Those who remain subject to the Infant Terrible’s volatile reign sometimes turn passive-aggressive, forming what one expert calls “aero-porcine societies.” Their motto is, “We’ll do more when pigs fly,” explains consultant Eileen Shapiro of Massachusetts, author of “The Seven Deadly Sins of Business” (Capstone, 1998). They reduce their work output. Quality declines. A few disgruntled souls even resort to outright sabotage.

“I think we’re going to see effective ways of [employees] fighting back,” she says. “And it’s almost impossible to stop.” Employees make an average of 100 unsupervised decisions a day, she notes. The message? Power is not absolute. As in chess, kings can be toppled by pawns.

In the Infant Terrible’s drag-race for short-term gains, he forgets one thing: He can’t do it alone. Treat employees like widgets, keep them in a state of psychological emergency, and their productivity declines, says Shapiro.

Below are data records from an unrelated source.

lemma run_neg_get:
  assumes "code_at X i (NegT (get n a) # xs)"
    and "term_run X n (if \<sigma> (reg n a) then i + 2 else i + 1) \<sigma> \<sigma>'"
  shows "term_run X n i \<sigma> \<sigma>'"
proof -
  have "1 \<le> i" "i \<le> length X" "X ! (i - 1) = NegT (get n a)"
    using code_at_head[OF assms(1)] by auto
  then show ?thesis
    by (rule term_run.neg) (use assms(2) in \<open>simp_all add: get_def reg_def\<close>)
qed

lemma run_pos_get:
  assumes "code_at X i (PosT (get n a) # xs)"
    and "term_run X n (if \<sigma> (reg n a) then i + 1 else i + 2) \<sigma> \<sigma>'"
  shows "term_run X n i \<sigma> \<sigma>'"
proof -
  have "1 \<le> i" "i \<le> length X" "X ! (i - 1) = PosT (get n a)"
    using code_at_head[OF assms(1)] by auto
  then show ?thesis
    by (rule term_run.pos) (use assms(2) in \<open>simp_all add: get_def reg_def\<close>)
qed

lemma run_set_node:
  assumes "code_at X i (set_node k # xs)"
    and "term_run X n (i + 1) (\<sigma>(Aux (Suc k) := True)) \<sigma>'"
  shows "term_run X n i \<sigma> \<sigma>'"
proof -
  have "1 \<le> i" "i \<le> length X" "X ! (i - 1) = Plain (BI (Aux (Suc k)) (SetM True))"
    using code_at_head[OF assms(1)] by (auto simp: set_node_def)
  then show ?thesis
    by (rule term_run.plain) (use assms(2) in simp_all)
qed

Slumping productivity sooner or later translates to lost market share, points out psychologist Jim Osterhaus of the Armstrong Group, a consulting firm based in Washington. And so tyrants, at whatever organizational level, eventually become the cause of their own undoing. And especially in this period of high performance expectations, lost market share is a fast ticket to the unemployment line.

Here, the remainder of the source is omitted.